_THE TASK_. For the material below, output exactly the span from the line with "L(B_p) D <= w" to the line with "service times of", including both, and nothing besides.

━━━━━━

lemma aff_dim_convex_hull_eq_dim_diff:
  fixes S :: "(real^'n) set"
  assumes "t \<in> S"
  shows "aff_dim (convex hull S) = int (dim ((\<lambda>x. x - t) ` S))"
proof -
  have "(+) (- t) = (\<lambda>x. x - t)"
    by auto
  then show ?thesis
    using aff_dim_eq_dim[OF hull_inc[OF assms]] by (simp add: aff_dim_convex_hull)
qed

lemma facet_of_convex_hull_dim_diff:
  fixes S :: "(real^'n) set"
  assumes T: "T facet_of convex hull S" and t: "t \<in> S" "t \<in> T"
  shows "dim ((\<lambda>x. x - t) ` (S \<inter> T)) + 1 = dim ((\<lambda>x. x - t) ` S)"
proof -
  have "T = convex hull (S \<inter> T)"
    using T by (intro face_of_convex_hull_eq_hull_Int facet_of_imp_face_of)
  then have "aff_dim T = int (dim ((\<lambda>x. x - t) ` (S \<inter> T)))"
    using aff_dim_convex_hull_eq_dim_diff[of t "S \<inter> T"] t by simp
  moreover have "aff_dim (convex hull S) = int (dim ((\<lambda>x. x - t) ` S))"
    using aff_dim_convex_hull_eq_dim_diff[OF t(1)] .
  ultimately show ?thesis
    using T unfolding facet_of_def by linarith
qed
(* Let $n\ge2$, $\omega\in(0,1)$, and let $B_1,\dots,B_n$ be independent lognormal service times with $m_i=\mathbb E\ln B_i$, $s_i^2=\mathrm{Var}\ln B_i$, $m_1\le\cdots\le m_n$, $s_1^2\le\cdots\le s_n^2$. Then for every sequence $\tau\in\mathsf S_n$ and every schedule $\boldsymbol x$, $$C(\tau,\boldsymbol x,\omega)\ge\bigl[(1-\omega)\,\mathbb P(Z\ge Q_Z(1-\omega)-s_1)-\omega\,\mathbb P(Z\le Q_Z(1-\omega)-s_1)\bigr]\sum_{i=1}^{n-1}\exp(m_i+s_i^2/2),$$ where $Z$ is standard normal and $Q_Z(y)=\inf\{x:y\le\mathbb P(Z\le x)\}$.
   Context: Appointment model: a sequence is a permutation $\tau\in\mathsf S_n$, $\tau(i)$ the patient in slot $i$; a schedule is $\boldsymbol x=(x_1,\dots,x_n)\in\mathbb R_+^n$, $x_j$ the interarrival time between patient $j$ and the next patient. Waiting and idle times: $W_1=I_1=0$, $W_{i+1}=(W_i+B_{\tau(i)}-x_{\tau(i)})^+$, $I_{i+1}=(W_i+B_{\tau(i)}-x_{\tau(i)})^-$, $a^+=\max\{0,a\}$, $a^-=\max\{0,-a\}$. Cost $C(\tau,\boldsymbol x,\omega)=\omega\sum_{i=1}^n\mathbb EI_i+(1-\omega)\sum_{i=1}^n\mathbb EW_i$. *)

theory Defs
  imports "HOL-Probability.Probability"
begin

text \<open>Waiting time of the patient in slot k (slots numbered 1..n), given the
sequence tau (tau k = patient in slot k), the schedule x (x j = interarrival time
after patient j) and realized service times b (b j = service time of patient j).\<close>
fun wait :: "(nat \<Rightarrow> nat) \<Rightarrow> (nat \<Rightarrow> real) \<Rightarrow> (nat \<Rightarrow> real) \<Rightarrow> nat \<Rightarrow> real" where
  "wait tau x b 0 = 0"
| "wait tau x b (Suc 0) = 0"
| "wait tau x b (Suc (Suc i)) = max 0 (wait tau x b (Suc i) + b (tau (Suc i)) - x (tau (Suc i)))"

fun idle :: "(nat \<Rightarrow> nat) \<Rightarrow> (nat \<Rightarrow> real) \<Rightarrow> (nat \<Rightarrow> real) \<Rightarrow> nat \<Rightarrow> real" where
  "idle tau x b 0 = 0"
| "idle tau x b (Suc 0) = 0"
| "idle tau x b (Suc (Suc i)) = max 0 (- (wait tau x b (Suc i) + b (tau (Suc i)) - x (tau (Suc i))))"

definition cost :: "'a measure \<Rightarrow> (nat \<Rightarrow> 'a \<Rightarrow> real) \<Rightarrow> nat \<Rightarrow> (nat \<Rightarrow> nat) \<Rightarrow> (nat \<Rightarrow> real) \<Rightarrow> real \<Rightarrow> real" where
  "cost M B n tau x w =
     w * (\<Sum>i=1..n. integral\<^sup>L M (\<lambda>\<xi>. idle tau x (\<lambda>j. B j \<xi>) i))
     + (1 - w) * (\<Sum>i=1..n. integral\<^sup>L M (\<lambda>\<xi>. wait tau x (\<lambda>j. B j \<xi>) i))"

definition std_normal :: "real measure" where
  "std_normal = density lborel std_normal_density"

definition Phi :: "real \<Rightarrow> real" where
  "Phi t = measure std_normal {..t}"

definition Q_Z :: "real \<Rightarrow> real" where
  "Q_Z y = Inf {t. y \<le> Phi t}"

definition lognormal_rv :: "'a measure \<Rightarrow> ('a \<Rightarrow> real) \<Rightarrow> real \<Rightarrow> real \<Rightarrow> bool" where
  "lognormal_rv M X mu sd \<longleftrightarrow>
     X \<in> borel_measurable M \<and> 0 < sd \<and> (AE \<xi> in M. 0 < X \<xi>) \<and>
     distributed M lborel (\<lambda>\<xi>. ln (X \<xi>)) (normal_density mu sd)"

end

theory Submission
  imports Defs
begin

(* Fix a slot k < n, let p = tau k be its patient and D = W_k + B_p - x_p, so that
   W_(k+1) = D^+ and I_(k+1) = D^-.  Put z = Q_Z (1 - w) and test D against the two-valued
   function L(b) = 1 - w for b >= exp (m_p + s_p z), L(b) = -w otherwise: pointwise
   L(B_p) D <= w D^- + (1 - w) D^+.  As P(B_p >= exp (m_p + s_p z)) = 1 - Phi z = w, the
   variable L(B_p) has mean zero, and it is independent of W_k, which only depends on the
   service times of earlier slots.  Hence the expected cost of slot k + 1 is at least
   E[L(B_p) B_p] = exp (m_p + s_p^2/2) ((1 - w) - Phi (z - s_p)), computed by exponentially
   tilting the normal law of ln B_p.  The second factor is nonnegative and increasing in s_p,
   hence at least its value at s_1.  Summing over the slots k = 1..n-1 leaves out only the
   patient tau n, whose mean exp (m + s^2/2) is at most that of patient n. *)

lemma real_distribution_std_normal: "real_distribution std_normal"
  unfolding real_distribution_def real_distribution_axioms_def std_normal_def
  by (auto intro: prob_space_normal_density)

interpretation std_normal: real_distribution std_normal
  by (rule real_distribution_std_normal)

lemma Phi_eq_cdf: "Phi = cdf std_normal"
  by (simp add: Phi_def cdf_def fun_eq_iff)

lemma measure_std_normal_singleton: "measure std_normal {c} = 0"
  by (simp add: std_normal_def measure_def emeasure_density nn_integral_indicator_singleton)

lemma isCont_Phi: "isCont Phi c"
  by (simp add: Phi_eq_cdf std_normal.isCont_cdf measure_std_normal_singleton)

lemma mono_Phi: "mono Phi"
  by (simp add: Phi_eq_cdf monoI std_normal.cdf_nondecreasing)

lemma measure_std_normal_lessThan: "measure std_normal {..<c} = Phi c"
proof -
  have "Phi c = measure std_normal ({..<c} \<union> {c})"
    by (simp add: Phi_def ivl_disj_un(2)[symmetric])
  also have "\<dots> = measure std_normal {..<c} + measure std_normal {c}"
    by (subst std_normal.finite_measure_Union) auto
  finally show ?thesis by (simp add: measure_std_normal_singleton)
qed

lemma measure_std_normal_atLeast: "measure std_normal {c..} = 1 - Phi c"
  using std_normal.prob_compl[of "{..<c}"]
  by (simp add: measure_std_normal_lessThan Compl_eq_Diff_UNIV[symmetric])

lemma Phi_Q_Z:
  assumes "0 < y" "y < 1"
  shows "Phi (Q_Z y) = y"
proof -
  let ?S = "{t. y \<le> Phi t}"
  have "\<forall>\<^sub>F t in at_top. y < Phi t"
    using std_normal.cdf_lim_at_top_prob assms(2) unfolding Phi_eq_cdf by (rule order_tendstoD)
  then obtain t1 where "y < Phi t1" by (auto simp: eventually_at_top_linorder)
  then have ne: "?S \<noteq> {}" by (auto intro: less_imp_le)
  have "\<forall>\<^sub>F t in at_bot. Phi t < y"
    using std_normal.cdf_lim_at_bot assms(1) unfolding Phi_eq_cdf by (rule order_tendstoD)
  then obtain t0 where t0: "\<And>t. t \<le> t0 \<Longrightarrow> Phi t < y" by (auto simp: eventually_at_bot_linorder)
  have bdd: "bdd_below ?S"
  proof (rule bdd_belowI)
    fix t assume "t \<in> ?S"
    then show "t0 \<le> t" using t0[of t] by force
  qed
  have "closed ?S"
    using isCont_Phi by (intro closed_Collect_le continuous_intros) (simp add: continuous_at_imp_continuous_on)
  then have "y \<le> Phi (Q_Z y)"
    using closed_contains_Inf[OF ne bdd] by (simp add: Q_Z_def)
  moreover have "Phi (Q_Z y) \<le> y"
  proof (rule tendsto_upperbound)
    show "(Phi \<longlongrightarrow> Phi (Q_Z y)) (at_left (Q_Z y))"
      using isCont_Phi by (simp add: isCont_def filterlim_at_split)
    have "Phi t \<le> y" if "t < Q_Z y" for t
      using that cInf_lower[OF _ bdd, of t] unfolding Q_Z_def by force
    then show "\<forall>\<^sub>F t in at_left (Q_Z y). Phi t \<le> y"
      by (intro eventually_at_leftI[of "Q_Z y - 1"]) auto
  qed simp
  ultimately show ?thesis by simp
qed

lemma Phi_Q_Z_minus_le:
  assumes "0 < y" "y < 1" and "0 \<le> \<sigma>" "\<sigma> \<le> \<sigma>'"
  shows "Phi (Q_Z y - \<sigma>') \<le> Phi (Q_Z y - \<sigma>)" and "Phi (Q_Z y - \<sigma>) \<le> y"
  using assms monoD[OF mono_Phi, of "Q_Z y - \<sigma>'" "Q_Z y - \<sigma>"] monoD[OF mono_Phi, of "Q_Z y - \<sigma>" "Q_Z y"]
  by (simp_all add: Phi_Q_Z)

lemma integral_std_normal_step:
  "(\<integral>v. std_normal_density v * (if c \<le> v then \<alpha> else \<beta>) \<partial>lborel) = \<alpha> * (1 - Phi c) + \<beta> * Phi c"
proof -
  have "(\<integral>v. std_normal_density v * (if c \<le> v then \<alpha> else \<beta>) \<partial>lborel)
      = (\<integral>v. \<alpha> + (\<beta> - \<alpha>) * indicator {..<c} v \<partial>std_normal)"
    unfolding std_normal_def
    by (subst integral_real_density) (auto intro!: Bochner_Integration.integral_cong simp: indicator_def)
  also have "\<dots> = \<alpha> + (\<beta> - \<alpha>) * Phi c"
    by (simp add: measure_std_normal_lessThan std_normal.integrable_const_bound[where B=1] std_normal.prob_space[simplified])
  finally show ?thesis by (simp add: algebra_simps)
qed

lemma normal_density_affine_std:
  assumes "0 < \<sigma>"
  shows "normal_density \<mu> \<sigma> (\<mu> + \<sigma> * u) = std_normal_density u / \<sigma>"
  using assms by (simp add: normal_density_def std_normal_density_def real_sqrt_mult power_mult_distrib)

lemma integral_normal_density_affine:
  assumes "0 < \<sigma>"
  shows "(\<integral>t. normal_density \<mu> \<sigma> t * F t \<partial>lborel)
    = (\<integral>u. std_normal_density u * F (\<mu> + \<sigma> * u) \<partial>lborel)"
  using assms
  by (subst lborel_integral_real_affine[where c=\<sigma> and t=\<mu>]) (auto simp: normal_density_affine_std)

lemma integral_normal_density_step:
  assumes "0 < \<sigma>"
  shows "(\<integral>t. normal_density \<mu> \<sigma> t * (if \<mu> + \<sigma> * c \<le> t then \<alpha> else \<beta>) \<partial>lborel)
    = \<alpha> * (1 - Phi c) + \<beta> * Phi c"
  using assms by (simp add: integral_normal_density_affine integral_std_normal_step)

lemma integrable_normal_density_bounded:
  fixes F :: "real \<Rightarrow> real"
  assumes "0 < \<sigma>" and [measurable]: "F \<in> borel_measurable borel" and "\<And>t. \<bar>F t\<bar> \<le> K"
  shows "integrable lborel (\<lambda>t. normal_density \<mu> \<sigma> t * F t)"
proof (rule Bochner_Integration.integrable_bound)
  show "integrable lborel (\<lambda>t. K * normal_density \<mu> \<sigma> t)"
    using assms(1) by (intro integrable_mult_right integrable_normal_density)
  show "AE t in lborel. norm (normal_density \<mu> \<sigma> t * F t) \<le> norm (K * normal_density \<mu> \<sigma> t)"
  proof (intro AE_I2)
    fix t
    have "\<bar>F t\<bar> * normal_density \<mu> \<sigma> t \<le> \<bar>K\<bar> * normal_density \<mu> \<sigma> t"
      using assms(3)[of t] by (intro mult_right_mono) auto
    then show "norm (normal_density \<mu> \<sigma> t * F t) \<le> norm (K * normal_density \<mu> \<sigma> t)"
      by (simp add: abs_mult mult.commute)
  qed
qed simp

lemma normal_density_mult_exp:
  assumes "0 < \<sigma>"
  shows "normal_density \<mu> \<sigma> t * exp t = exp (\<mu> + \<sigma>\<^sup>2 / 2) * normal_density (\<mu> + \<sigma>\<^sup>2) \<sigma> t"
proof -
  have "-(t - \<mu>)\<^sup>2 / (2 * \<sigma>\<^sup>2) + t
      = (\<mu> + \<sigma>\<^sup>2 / 2) + -(t - (\<mu> + \<sigma>\<^sup>2))\<^sup>2 / (2 * \<sigma>\<^sup>2)"
    using assms by (simp add: field_simps power2_eq_square)
  then show ?thesis
    by (simp add: normal_density_def exp_add[symmetric])
qed

lemma lognormal_rv_integral:
  assumes "lognormal_rv M X \<mu> \<sigma>" and "F \<in> borel_measurable borel"
    and "integrable lborel (\<lambda>t. normal_density \<mu> \<sigma> t * F t)"
  shows "integrable M (\<lambda>\<xi>. F (ln (X \<xi>)))"
    and "(\<integral>\<xi>. F (ln (X \<xi>)) \<partial>M) = (\<integral>t. normal_density \<mu> \<sigma> t * F t \<partial>lborel)"
  using assms distributed_integrable[of M lborel "\<lambda>\<xi>. ln (X \<xi>)" "normal_density \<mu> \<sigma>" F]
    distributed_integral[of M lborel "\<lambda>\<xi>. ln (X \<xi>)" "normal_density \<mu> \<sigma>" F]
  by (auto simp: lognormal_rv_def)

━━━━━━

_YOUR SOLUTION_.
   L(B_p) D <= w D^- + (1 - w) D^+.  As P(B_p >= exp (m_p + s_p z)) = 1 - Phi z = w, the
   variable L(B_p) has mean zero, and it is independent of W_k, which only depends on the
   service times of earlier slots.  Hence the expected cost of slot k + 1 is at least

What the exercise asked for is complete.